El gobierno sueco y el ministro de Comercio Benjamin Dousa son criticados en el reportaje; rechazaron ser entrevistados.
Cada semana, los diputados suecos reciben correos de Mouaad Joumani, siempre con el mismo mensaje: “La verdad sobre el Sáhara Occidental debe salir a la luz”. Para este residente de Gotemburgo, el Sáhara Occidental no es una colonia, sino parte integrante de Marruecos, una afirmación contraria a las decisiones de la Corte Internacional de Justicia. Durante años marginal, su discurso ahora encuentra eco. En octubre de 2025, Suecia y otros Estados occidentales parecen dispuestos a reconsiderar la cuestión saharaui. En Nueva York, el Consejo de Seguridad está a punto de dar un paso inédito: reconocer el plan marroquí de autonomía como “la solución más realista”.
La periodista Anja Salberg visitó los campamentos saharauis en Argelia, donde casi 100.000 personas sobreviven desde 1975. Sobre su viaje a El Aaiún en 2010 recuerda la vigilancia marroquí y su encuentro con Dahar Rahmouni, torturado por sus convicciones:
“Nunca me sentí libre, siempre vigilado.”
Cincuenta años después, la promesa de un referéndum sigue sin cumplirse. Durante décadas, Suecia defendió principios en Europa.
“Suecia fue un faro de principios”, dice Erik Hagen (WSRW).
Pero en 2025, vota a favor del acuerdo UE-Marruecos que incluye el Sáhara Occidental.
En 1975 Hassan II lanzó la Marcha Verde pese a la CIJ. España se retiró, Marruecos ocupó y el Polisario inició una guerra de 16 años.
Trump reconoció la soberanía marroquí a cambio de la normalización con Israel.
John Bolton comenta:
“Los marroquíes jugaron un golpe maestro. Trump quería un trofeo diplomático.”
En 2024 el TJUE concluye que los acuerdos UE-Marruecos violan el derecho internacional.

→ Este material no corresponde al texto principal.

(* Let $d\ge1$, $n\ge 2d+3$, and let $M$ be a missing $d$-face of $\mathcal{C}(\partial C_{2d+1}(n))$. Then $(\Delta_{2d+2})^{\le d}$ is a minor of $\mathcal{C}(\partial C_{2d+1}(n))^{\le d}\cup\{M\}$.
   Context: $\mathcal{C}(\partial C_{2d+1}(n))$ is the boundary complex of the cyclic $(2d+1)$-polytope on vertex set $[n]$; by Gale's evenness condition it is the simplicial complex on $[n]$ whose maximal simplices are the $(2d+1)$-element sets $S\subseteq[n]$ such that for all $i<j$ in $[n]\setminus S$ the number of elements of $S$ strictly between $i$ and $j$ is even. $K^{\le k}$ is the subcomplex of simplices of dimension at most $k$ (dimension of $F$ is $|F|-1$). A missing $k$-face of $K$ is a $(k+1)$-subset $M\subseteq V(K)$ with $M\notin K$ but all proper subsets of $M$ in $K$. $\Delta_m$ is the complex of all subsets of an $(m+1)$-element set. Minors (Nevo): a deletion replaces $K$ by a subcomplex; an admissible contraction identifies two distinct vertices $u,v$ of $K$ such that no missing $k$-face of $K$ with $k\le\dim K$ contains both $u$ and $v$, producing $L=\{F\in K: u\notin F\}\cup\{(F\setminus\{u\})\cup\{v\}: u\in F\in K\}$. $L$ is a minor of $K$ if it is obtained (up to isomorphism) from $K$ by a finite sequence of deletions and admissible contractions. *)

theory Defs
  imports Main
begin

definition simplicial_complex :: "nat set set \<Rightarrow> bool" where
  "simplicial_complex K \<longleftrightarrow> finite K \<and> (\<forall>F\<in>K. finite F) \<and> (\<forall>F\<in>K. \<forall>G. G \<subseteq> F \<longrightarrow> G \<in> K)"

definition verts :: "nat set set \<Rightarrow> nat set" where
  "verts K = \<Union>K"

definition cdim :: "nat set set \<Rightarrow> int" where
  "cdim K = int (Max (card ` K)) - 1"

definition skeleton :: "nat \<Rightarrow> nat set set \<Rightarrow> nat set set" where
  "skeleton k K = {F \<in> K. card F \<le> k + 1}"

definition missing_face :: "nat set set \<Rightarrow> nat \<Rightarrow> nat set \<Rightarrow> bool" where
  "missing_face K k M \<longleftrightarrow> M \<subseteq> verts K \<and> card M = k + 1 \<and> M \<notin> K \<and> (\<forall>G. G \<subset> M \<longrightarrow> G \<in> K)"

definition simplex :: "nat \<Rightarrow> nat set set" where
  "simplex m = Pow {0..m}"

(* Gale's evenness condition: maximal simplices of the boundary of C_{2d+1}(n) *)
definition gale_facet :: "nat \<Rightarrow> nat \<Rightarrow> nat set \<Rightarrow> bool" where
  "gale_facet d n S \<longleftrightarrow> S \<subseteq> {1..n} \<and> card S = 2*d + 1 \<and>
     (\<forall>i j. i \<in> {1..n} - S \<longrightarrow> j \<in> {1..n} - S \<longrightarrow> i < j \<longrightarrow>
        even (card {k \<in> S. i < k \<and> k < j}))"

definition cyclic_boundary :: "nat \<Rightarrow> nat \<Rightarrow> nat set set" where
  "cyclic_boundary d n = {F. \<exists>S. gale_facet d n S \<and> F \<subseteq> S}"

definition deletion_step :: "nat set set \<Rightarrow> nat set set \<Rightarrow> bool" where
  "deletion_step K L \<longleftrightarrow> simplicial_complex L \<and> L \<subseteq> K"

definition admissible_pair :: "nat set set \<Rightarrow> nat \<Rightarrow> nat \<Rightarrow> bool" where
  "admissible_pair K u v \<longleftrightarrow> u \<in> verts K \<and> v \<in> verts K \<and> u \<noteq> v \<and>
     \<not> (\<exists>k M. int k \<le> cdim K \<and> missing_face K k M \<and> u \<in> M \<and> v \<in> M)"

definition contract :: "nat set set \<Rightarrow> nat \<Rightarrow> nat \<Rightarrow> nat set set" where
  "contract K u v = {F \<in> K. u \<notin> F} \<union> {(F - {u}) \<union> {v} | F. F \<in> K \<and> u \<in> F}"

definition contraction_step :: "nat set set \<Rightarrow> nat set set \<Rightarrow> bool" where
  "contraction_step K L \<longleftrightarrow> (\<exists>u v. admissible_pair K u v \<and> L = contract K u v)"

inductive minor_steps :: "nat set set \<Rightarrow> nat set set \<Rightarrow> bool" where
  refl: "minor_steps K K"
| del: "minor_steps K L \<Longrightarrow> deletion_step L L' \<Longrightarrow> minor_steps K L'"
| con: "minor_steps K L \<Longrightarrow> contraction_step L L' \<Longrightarrow> minor_steps K L'"

definition iso_complex :: "nat set set \<Rightarrow> nat set set \<Rightarrow> bool" where
  "iso_complex K L \<longleftrightarrow> (\<exists>f. inj_on f (verts K) \<and> (`) f ` K = L)"

definition is_minor :: "nat set set \<Rightarrow> nat set set \<Rightarrow> bool" where
  "is_minor L K \<longleftrightarrow> (\<exists>L'. minor_steps K L' \<and> iso_complex L' L)"

end

theory Submission
  imports Defs
begin

text \<open>A missing d-face M of the cyclic polytope avoids 1 and n and contains no two consecutive
  integers, so B = {1} \<union> M \<union> (M + 1) has 2d + 3 elements. Contract the vertices outside B one
  at a time, each onto its predecessor among the remaining vertices; the composite map rounds x
  down to the largest element of B below it. Each contraction is admissible: a candidate missing
  face through u and its predecessor is the image of a set of size at most d + 1 containing the
  consecutive pair u - 1, u, and by Gale's evenness condition such sets are faces. Finally every
  subset of B of size at most d + 1 is the image of a face of the d-skeleton or of M itself, so
  deleting everything else leaves the d-skeleton of the simplex on B.\<close>

definition has_consecutive :: "nat set \<Rightarrow> bool" where
  "has_consecutive F \<longleftrightarrow> (\<exists>a\<in>F. Suc a \<in> F)"

definition consecutive_pairs :: "nat set \<Rightarrow> nat set" where
  "consecutive_pairs A = (\<Union>a\<in>A. {a, Suc a})"

lemma finite_consecutive_pairs [simp]: "finite A \<Longrightarrow> finite (consecutive_pairs A)"
  by (simp add: consecutive_pairs_def)

lemma card_ge_2_if_has_consecutive:
  assumes "finite F" "has_consecutive F"
  shows "2 \<le> card F"
proof -
  obtain a where "a \<in> F" "Suc a \<in> F" using assms(2) by (auto simp: has_consecutive_def)
  then have "card {a, Suc a} \<le> card F" using assms(1) by (intro card_mono) auto
  then show ?thesis by simp
qed

lemma card_consecutive_pairs:
  assumes "finite A" "\<not> has_consecutive A"
  shows "card (consecutive_pairs A) = 2 * card A"
proof -
  have "card (consecutive_pairs A) = (\<Sum>a\<in>A. card {a, Suc a})"
    unfolding consecutive_pairs_def
    using assms by (intro card_UN_disjoint) (auto simp: has_consecutive_def)
  then show ?thesis by simp
qed

lemma consecutive_pairs_remove_top:
  assumes "F \<subseteq> {l..n}" "n \<in> F"
    and "card F \<le> Suc d \<or> card F \<le> Suc d + 1 \<and> has_consecutive F"
  shows "card (F - {n - 1, n}) \<le> d \<or> card (F - {n - 1, n}) \<le> d + 1 \<and> has_consecutive (F - {n - 1, n})"
proof -
  have fin: "finite F" using assms(1) finite_subset by blast
  show ?thesis
  proof (cases "n - 1 \<in> F \<and> n - 1 \<noteq> n")
    case True
    then have "card (F - {n - 1, n}) = card F - 2" using fin assms(2) by (simp add: card_Diff_subset)
    then show ?thesis using assms(3) by auto
  next
    case False
    then have eq: "F - {n - 1, n} = F - {n}" by auto
    then have card: "card (F - {n - 1, n}) = card F - 1" using fin assms(2) by simp
    have "has_consecutive (F - {n - 1, n})" if cons: "has_consecutive F"
    proof -
      obtain a where a: "a \<in> F" "Suc a \<in> F" using cons by (auto simp: has_consecutive_def)
      then have "a \<noteq> n" "Suc a \<noteq> n" using assms(1) False by auto
      then show ?thesis using a eq by (auto simp: has_consecutive_def)
    qed
    then show ?thesis using assms(3) card by auto
  qed
qed

text \<open>Greedily from the top: either n is covered by the pair {n - 1, n}, or n is dropped.
  The last alternative of the hypothesis says that {l..n} has exactly 2d elements.\<close>

lemma consecutive_pairs_cover:
  assumes "1 \<le> l" "2 * d + l \<le> n + 1" "F \<subseteq> {l..n}"
    and "card F \<le> d \<or> card F \<le> d + 1 \<and> has_consecutive F \<or> n + 1 = 2 * d + l"
  shows "\<exists>A \<subseteq> {l..<n}. card A = d \<and> \<not> has_consecutive A \<and> F \<subseteq> consecutive_pairs A"
  using assms
proof (induction n arbitrary: d F rule: less_induct)
  case (less n)
  have fin: "finite F" using less.prems(3) finite_subset by blast
  show ?case
  proof (cases d)
    case 0
    then have "F = {}"
      using less.prems card_ge_2_if_has_consecutive[OF fin] fin by fastforce
    then show ?thesis using 0 by (auto simp: has_consecutive_def)
  next
    case (Suc d')
    show ?thesis
    proof (cases "n \<in> F \<or> n + 1 = 2 * d + l")
      case True
      define F' where "F' = F - {n - 1, n}"
      have "card F' \<le> d' \<or> card F' \<le> d' + 1 \<and> has_consecutive F' \<or> n - 2 + 1 = 2 * d' + l"
      proof (cases "n + 1 = 2 * d + l")
        case False
        then show ?thesis
          using consecutive_pairs_remove_top[OF less.prems(3), of d'] less.prems(4) True Suc
          unfolding F'_def by auto
      qed (use Suc less.prems(1) in simp)
      moreover have "F' \<subseteq> {l..n - 2}" using less.prems(3) unfolding F'_def by force
      ultimately obtain A where A: "A \<subseteq> {l..<n - 2}" "card A = d'" "\<not> has_consecutive A"
          "F' \<subseteq> consecutive_pairs A"
        using less.IH[of "n - 2" d' F'] less.prems(1,2) Suc by fastforce
      have A_range: "\<forall>a\<in>A. l \<le> a \<and> a < n - 2" using A(1) by auto
      then have top: "n - 1 \<notin> A" "Suc (n - 1) = n" "\<forall>a\<in>A. Suc a < n - 1"
        using less.prems(2) Suc by auto
      show ?thesis
      proof (intro exI[of _ "insert (n - 1) A"] conjI)
        show "insert (n - 1) A \<subseteq> {l..<n}" using A_range less.prems(2) Suc by auto
        show "card (insert (n - 1) A) = d" using A(1,2) top(1) Suc by (simp add: finite_subset)
        show "\<not> has_consecutive (insert (n - 1) A)"
          using A(3) top by (auto simp: has_consecutive_def)
        show "F \<subseteq> consecutive_pairs (insert (n - 1) A)"
          using A(4) top(2) unfolding F'_def consecutive_pairs_def by auto
      qed
    next
      case False
      have "F \<subseteq> {l..n - 1}"
      proof
        fix x assume x: "x \<in> F"
        then have "x \<in> {l..n}" "x \<noteq> n" using less.prems(3) False by auto
        then show "x \<in> {l..n - 1}" by auto
      qed
      then obtain A where "A \<subseteq> {l..<n - 1}" "card A = d" "\<not> has_consecutive A"
          "F \<subseteq> consecutive_pairs A"
        using less.IH[of "n - 1" d F] less.prems False by fastforce
      moreover have "{l..<n - 1} \<subseteq> {l..<n}" by auto
      ultimately show ?thesis by blast
    qed
  qed
qed

lemma gale_facet_insert_consecutive_pairs:
  assumes "finite A" "\<not> has_consecutive A" "card A = d"
    and "insert e (consecutive_pairs A) \<subseteq> {1..n}" "e \<notin> consecutive_pairs A" "e = 1 \<or> e = n"
  shows "gale_facet d n (insert e (consecutive_pairs A))"
  unfolding gale_facet_def
proof (intro conjI allI impI)
  show "card (insert e (consecutive_pairs A)) = 2 * d + 1"
    using assms card_consecutive_pairs by simp
next
  fix i j
  assume i: "i \<in> {1..n} - insert e (consecutive_pairs A)"
    and j: "j \<in> {1..n} - insert e (consecutive_pairs A)" and "i < j"
  let ?A = "{a \<in> A. i < a \<and> a < j}"
  have "{k \<in> insert e (consecutive_pairs A). i < k \<and> k < j} = consecutive_pairs ?A"
    using i j assms(6) by (auto simp: consecutive_pairs_def less_Suc_eq)
  moreover have "card (consecutive_pairs ?A) = 2 * card ?A"
    using assms(1,2) by (intro card_consecutive_pairs) (auto simp: has_consecutive_def)
  ultimately show "even (card {k \<in> insert e (consecutive_pairs A). i < k \<and> k < j})" by simp
qed (use assms(4) in blast)

lemma consecutive_pairs_subset:
  assumes "A \<subseteq> {l..<m}" shows "consecutive_pairs A \<subseteq> {l..m}"
  using assms by (auto simp: consecutive_pairs_def)

lemma in_cyclic_boundaryI:
  assumes n: "2 * d + 1 \<le> n" and F: "F \<subseteq> {1..n}" "card F \<le> d + 1"
    and "card F \<le> d \<or> 1 \<in> F \<or> n \<in> F \<or> has_consecutive F"
  shows "F \<in> cyclic_boundary d n"
proof -
  have fin: "finite F" using F(1) finite_subset by blast
  obtain e A where A: "A \<subseteq> {1..<n}" "card A = d" "\<not> has_consecutive A"
      and e: "e = 1 \<or> e = n" "insert e (consecutive_pairs A) \<subseteq> {1..n}" "e \<notin> consecutive_pairs A"
      and cover: "F \<subseteq> insert e (consecutive_pairs A)"
  proof (cases "n \<in> F")
    case True
    have "F - {n} \<subseteq> {1..n - 1}" using F(1) by (auto simp: subset_iff)
    moreover have "card (F - {n}) \<le> d" using True fin F(2) by simp
    ultimately obtain A where A: "A \<subseteq> {1..<n - 1}" "card A = d" "\<not> has_consecutive A"
        "F - {n} \<subseteq> consecutive_pairs A"
      using consecutive_pairs_cover[of 1 d "n - 1" "F - {n}"] n by auto
    have "consecutive_pairs A \<subseteq> {1..n - 1}" using A(1) by (rule consecutive_pairs_subset)
    then show thesis using A n by (intro that[of A n]) (auto simp: subset_iff)
  next
    case False
    have "F - {1} \<subseteq> {2..n}" using F(1) by (auto simp: subset_iff)
    moreover have "card (F - {1}) \<le> d \<or> card (F - {1}) \<le> d + 1 \<and> has_consecutive (F - {1}) \<or> n + 1 = 2 * d + 2"
      using assms(4) False F(2) fin by (cases "1 \<in> F") auto
    ultimately obtain A where A: "A \<subseteq> {2..<n}" "card A = d" "\<not> has_consecutive A"
        "F - {1} \<subseteq> consecutive_pairs A"
      using consecutive_pairs_cover[of 2 d n "F - {1}"] n by auto
    have "consecutive_pairs A \<subseteq> {2..n}" using A(1) by (rule consecutive_pairs_subset)
    then show thesis using A n by (intro that[of A 1]) (auto simp: subset_iff)
  qed
  moreover have "finite A" using A(1) finite_subset by blast
  ultimately have "gale_facet d n (insert e (consecutive_pairs A))"
    by (intro gale_facet_insert_consecutive_pairs)
  then show ?thesis using cover unfolding cyclic_boundary_def by blast
qed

En 2025 Bruselas crea un mecanismo para esquivarlo. Suecia, antes firme defensora de los saharauis, lo aprueba.
Jytte Guteland pregunta:
“¿Cómo condenar la invasión de Ucrania y legitimar la del Sáhara Occidental?”
El abogado Manuel Devers denuncia la “política del simulacro”:
“Europa socava su credibilidad y la del derecho internacional.”

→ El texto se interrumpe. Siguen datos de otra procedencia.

lemma sum_inverse_binomial_le:
  assumes h: "3 * h \<le> n" and kh: "k + 1 < h"
  shows "(\<Sum>j\<in>{k + 1..<h}. 1 / real (n choose j))
           \<le> (1 + 2 * ((real k + 2) / (real n - real k - 1))) / real (n choose (k + 1))"
proof -
  let ?B = "real (n choose (k + 1))" and ?r = "(real k + 2) / (real n - real k - 1)"
  have kn: "k + 1 < n" using h kh by linarith
  hence B: "0 < ?B" and r: "0 \<le> ?r" by simp_all
  have "{k + 1..<h} = insert (k + 1) {k + 2..<h}" using kh by auto
  hence "(\<Sum>j\<in>{k + 1..<h}. 1 / real (n choose j)) = 1 / ?B + (\<Sum>j\<in>{k + 2..<h}. 1 / real (n choose j))"
    by simp
  also have "(\<Sum>j\<in>{k + 2..<h}. 1 / real (n choose j)) \<le> (\<Sum>j\<in>{k + 2..<h}. ?r / ?B * (1/2) ^ (j - (k + 2)))"
  proof (rule sum_mono)
    fix j assume j: "j \<in> {k + 2..<h}"
    have "?B / real (n choose j) \<le> ?r * (1/2) ^ (j - (k + 2))"
      by (rule binomial_ratio_le) (use j h kn in auto)
    hence "(?B / real (n choose j)) / ?B \<le> ?r * (1/2) ^ (j - (k + 2)) / ?B"
      using B by (intro divide_right_mono) auto
    thus "1 / real (n choose j) \<le> ?r / ?B * (1/2) ^ (j - (k + 2))"
      using B by simp
  qed
  also have "\<dots> \<le> ?r / ?B * 2"
    unfolding sum_distrib_left[symmetric] using sum_half_powers_le r B by (intro mult_left_mono) auto
  finally show ?thesis by (simp add: add_divide_distrib ac_simps)
qed

section \<open>The bound for fixed \<open>n\<close>\<close>

lemma card_level: "card (level n k) = n choose k"
  using n_subsets[of "{0..<n}" k] by (simp add: level_def)

lemma finite_level: "finite (level n k)"
  by (rule finite_subset[of _ "Pow {0..<n}"]) (auto simp: level_def)

lemma prob_blocking_weight_level_le:
  fixes lam eps :: real
  assumes v: "v \<in> level n k" and m: "1 \<le> m" and h: "3 * (k + 1 + m) \<le> n" and lam: "0 \<le> lam"
  defines "q \<equiv> lam * exp (lam / real (n - k)) * (1 + 2 * ((real k + 2) / (real n - real k - 1)))
                 / real (n choose (k + 1))"
  shows "measure_pmf.prob (dla n t) {C. eps \<le> blocking_weight n v C \<and> (\<forall>w\<in>C. card w < k + 1 + m)}
           \<le> exp (q * real t - lam * eps)"
proof -
  let ?Q = "blocking_growth n v (k + 1 + m) lam"
  have v': "v \<subseteq> {0..<n}" "card v = k" using v by (auto simp: level_def)
  have "0 \<le> q" using h lam unfolding q_def by (simp add: of_nat_diff)
  have "?Q \<le> 1 + lam * exp (lam / real (n - k)) * (\<Sum>j\<in>{k + 1..<k + 1 + m}. 1 / real (n choose j))"
    using blocking_growth_le[OF v'(1) _ lam, of "k + 1 + m"] h v'(2) by simp
  also have "\<dots> \<le> 1 + lam * exp (lam / real (n - k))
                         * ((1 + 2 * ((real k + 2) / (real n - real k - 1))) / real (n choose (k + 1)))"
    using sum_inverse_binomial_le[OF h] m lam by (intro add_left_mono mult_left_mono) auto
  also have "\<dots> = 1 + q" by (simp add: q_def)
  finally have "?Q ^ t \<le> exp q ^ t"
    using blocking_growth_nonneg[OF lam] \<open>0 \<le> q\<close>
    by (intro power_mono order.trans[OF _ exp_ge_add_one_self]) auto
  hence "?Q ^ t / exp (lam * eps) \<le> exp (q * real t - lam * eps)"
    by (simp add: exp_diff divide_right_mono flip: exp_of_nat2_mult)
  moreover have "k + 1 + m \<le> n" using h by simp
  ultimately show ?thesis using prob_blocking_weight_ge[OF _ lam, of "k + 1 + m" n t eps v] by linarith
qed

Senia Bashir, del Polisario, recuerda la solidaridad sueca de los años 80, pero constata:
“Suecia nos ha dado la espalda.”
Mouaad Joumani celebra la “descolonización” marroquí y defiende la autonomía como “única vía realista”.
El Polisario reafirma: solo un referéndum puede decidir.

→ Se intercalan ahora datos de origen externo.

context
  fixes n :: nat and P :: "nat set set"
  assumes P: "partition_on {1..n+1} P"
begin

lemma part_of_in: "i \<in> {1..n+1} \<Longrightarrow> part_of P i \<in> P" "i \<in> {1..n+1} \<Longrightarrow> i \<in> part_of P i"
  using block_of_in[OF P] by (simp_all add: part_of_eq_block_of)

lemma part_of_eq: "B \<in> P \<Longrightarrow> i \<in> B \<Longrightarrow> part_of P i = B"
  using block_of_eq[OF P] by (simp add: part_of_eq_block_of)

lemma finite_K_vertices: "finite (K_vertices n P)"
  using finite_elements[OF _ P] by (simp add: K_vertices_def)

lemma partition_on_part_simplices: "partition_on (K_vertices n P) (part_simplex ` P)"
proof (rule partition_onI)
  have "\<Union> (part_simplex ` P) = Inl ` \<Union> P \<union> Inr ` P" by (auto simp: part_simplex_def)
  then show "\<Union> (part_simplex ` P) = K_vertices n P"
    using partition_onD1[OF P] by (simp add: K_vertices_def)
  show "disjnt a b" if ab: "a \<in> part_simplex ` P" "b \<in> part_simplex ` P" "a \<noteq> b" for a b
  proof -
    obtain B C where "B \<in> P" "C \<in> P" "a = part_simplex B" "b = part_simplex C" "B \<noteq> C"
      using ab by blast
    then show ?thesis
      using disjointD[OF partition_onD2[OF P]] by (auto simp: disjnt_def part_simplex_def)
  qed
  show "{} \<notin> part_simplex ` P" by (auto simp: part_simplex_def)
qed

lemma K_faces_subset_boundary_join:
  "K_faces n P \<subseteq> boundary_join (K_vertices n P) (part_simplex ` P)"
proof
  fix F assume "F \<in> K_faces n P"
  then obtain y where "F \<noteq> {}" and F: "F \<subseteq> y ` {1..n+1}"
    and y: "\<forall>i\<in>{1..n+1}. y i = Inl i \<or> y i = Inr (part_of P i)"
    by (auto simp: K_faces_def K_facets_def)
  have "y ` {1..n+1} \<subseteq> K_vertices n P"
    using y part_of_in by (force simp: K_vertices_def)
  moreover have "\<not> part_simplex B \<subseteq> F" if "B \<in> P" for B
  proof
    assume B: "part_simplex B \<subseteq> F"
    then have "Inr B \<in> y ` {1..n+1}" using F by (simp add: part_simplex_def subset_iff)
    then obtain i where i: "Inr B = y i" "i \<in> {1..n+1}" by (rule imageE)
    from y i(2) have "y i = Inl i \<or> y i = Inr (part_of P i)" by blast
    then have "part_of P i = B" using i(1) by auto
    then have "i \<in> B" using part_of_in(2)[OF i(2)] by simp
    then have "Inl i \<in> y ` {1..n+1}" using B F by (auto simp: part_simplex_def)
    then obtain j where j: "Inl i = y j" "j \<in> {1..n+1}" by (rule imageE)
    from y j(2) have "y j = Inl j \<or> y j = Inr (part_of P j)" by blast
    then have "y i = Inl i" using j(1) by auto
    then show False using i(1) by simp
  qed
  ultimately show "F \<in> boundary_join (K_vertices n P) (part_simplex ` P)"
    using \<open>F \<noteq> {}\<close> F by (auto simp: boundary_join_def)
qed

lemma boundary_join_subset_K_faces:
  "boundary_join (K_vertices n P) (part_simplex ` P) \<subseteq> K_faces n P"
proof
  fix F assume F: "F \<in> boundary_join (K_vertices n P) (part_simplex ` P)"
  then have "\<forall>B\<in>P. \<exists>v. v \<in> part_simplex B \<and> v \<notin> F" by (auto simp: boundary_join_def)
  then obtain s where s: "\<forall>B\<in>P. s B \<in> part_simplex B \<and> s B \<notin> F"
    by (rule bchoice[THEN exE])
  \<comment> \<open>\<open>y i = p\<^sub>B\<close> exactly when \<open>i\<close> is the vertex of \<open>B\<close> chosen to be missing from \<open>F\<close>\<close>
  define y where "y i = (if s (part_of P i) = Inl i then Inr (part_of P i) else Inl i)" for i
  have "inj_on y {1..n+1}"
  proof (rule inj_onI)
    fix i j assume "y i = y j"
    then show "i = j" by (simp add: y_def split: if_splits)
  qed
  moreover have "\<forall>i\<in>{1..n+1}. y i = Inl i \<or> y i = Inr (part_of P i)" by (simp add: y_def)
  ultimately have facet: "y ` {1..n+1} \<in> K_facets n P"
    unfolding K_facets_def by (intro CollectI exI[of _ y]) simp
  have "F \<subseteq> y ` {1..n+1}"
  proof
    fix v assume "v \<in> F"
    then have v: "v \<in> K_vertices n P" using F by (auto simp: boundary_join_def)
    show "v \<in> y ` {1..n+1}"
    proof (cases v)
      case (Inl i)
      then have i: "i \<in> {1..n+1}" using v by (auto simp: K_vertices_def)
      have "s (part_of P i) \<noteq> v" using bspec[OF s part_of_in(1)[OF i]] \<open>v \<in> F\<close> by blast
      then have "y i = v" using Inl by (simp add: y_def)
      then show ?thesis using i by blast
    next
      case (Inr B)
      then have B: "B \<in> P" using v by (auto simp: K_vertices_def)
      then have "s B \<noteq> v" using s \<open>v \<in> F\<close> by blast
      then obtain i where i: "i \<in> B" "s B = Inl i"
        using bspec[OF s B] Inr by (auto simp: part_simplex_def)
      then have "y i = v" using part_of_eq[OF B i(1)] Inr by (simp add: y_def)
      moreover have "i \<in> {1..n+1}" using partition_onD1[OF P] B i(1) by blast
      ultimately show ?thesis by blast
    qed
  qed
  then show "F \<in> K_faces n P"
    using F facet by (auto simp: K_faces_def boundary_join_def)
qed

lemma K_faces_eq_boundary_join: "K_faces n P = boundary_join (K_vertices n P) (part_simplex ` P)"
  using K_faces_subset_boundary_join boundary_join_subset_K_faces by (rule equalityI)

lemma K_Aut_eq_block_permutations: "K_Aut n P = block_permutations (K_vertices n P) (part_simplex ` P)"
  using boundary_join_automorphisms[OF finite_K_vertices partition_on_part_simplices]
  by (simp add: K_Aut_def K_faces_eq_boundary_join)

end

theorem proposition2p7:
  fixes n :: nat and P :: "nat set set"
  assumes "n \<ge> 2"
    and "partition_on {1..n+1} P"
  shows "card (K_Aut n P) =
           (\<Prod>B\<in>P. fact (card B + 1)) *
           (\<Prod>u\<in>{1..n+1}. fact (card {B\<in>P. card B = u}))"
proof -
  let ?Q = "part_simplex ` P"
  have finite_parts: "finite B" if "B \<in> P" for B
    using that partition_onD1[OF assms(2)] finite_subset[of B "{1..n+1}"] by blast
  have inj: "inj_on part_simplex P" using inj_part_simplex by (rule inj_on_subset) simp
  have count: "card (K_Aut n P) =
      (\<Prod>k\<in>card ` ?Q. fact (card {b\<in>?Q. card b = k})) * (\<Prod>b\<in>?Q. fact (card b))"
    unfolding K_Aut_eq_block_permutations[OF assms(2)]
    using partition_on_part_simplices[OF assms(2)] finite_K_vertices[OF assms(2)]
    by (rule card_block_permutations)
  have simplices: "(\<Prod>b\<in>?Q. fact (card b)) = (\<Prod>B\<in>P. fact (card B + 1))"
    by (simp add: prod.reindex[OF inj] card_part_simplex finite_parts)
  have "(\<Prod>k\<in>card ` ?Q. fact (card {b\<in>?Q. card b = k})) =
        (\<Prod>k\<in>card ` P. fact (card {B\<in>P. card B = k}))"
    using inj by (rule prod_fact_card_classes_Suc_image) (simp add: card_part_simplex finite_parts)
  also have "\<dots> = (\<Prod>u\<in>{1..n+1}. fact (card {B\<in>P. card B = u}))"
  proof (rule prod_fact_card_classes_superset)
    show "card ` P \<subseteq> {1..n+1}" using card_partition_blocks_subset[OF assms(2)] by simp
  qed simp
  finally have multiplicities: "(\<Prod>k\<in>card ` ?Q. fact (card {b\<in>?Q. card b = k})) =
      (\<Prod>u\<in>{1..n+1}. fact (card {B\<in>P. card B = u}))" .
  show ?thesis unfolding count simplices multiplicities by (rule mult.commute)
qed

end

El 31 de octubre de 2025, el Consejo de Seguridad adopta una resolución histórica: el plan marroquí se considera la “solución más viable”.
China y Rusia se abstienen; Estados Unidos, Francia y la mayoría de los europeos votan a favor.
La analista Sarah Jerkes admite:
“El derecho internacional se ha vuelto secundario… no sé cómo repararlo.”
Cincuenta años después de la Marcha Verde, el Sáhara Occidental sigue entre derecho y fuerza.
Suecia abandona principios históricos para abrazar el realismo político.
Una vez más, el derecho internacional cede ante la presión geopolítica.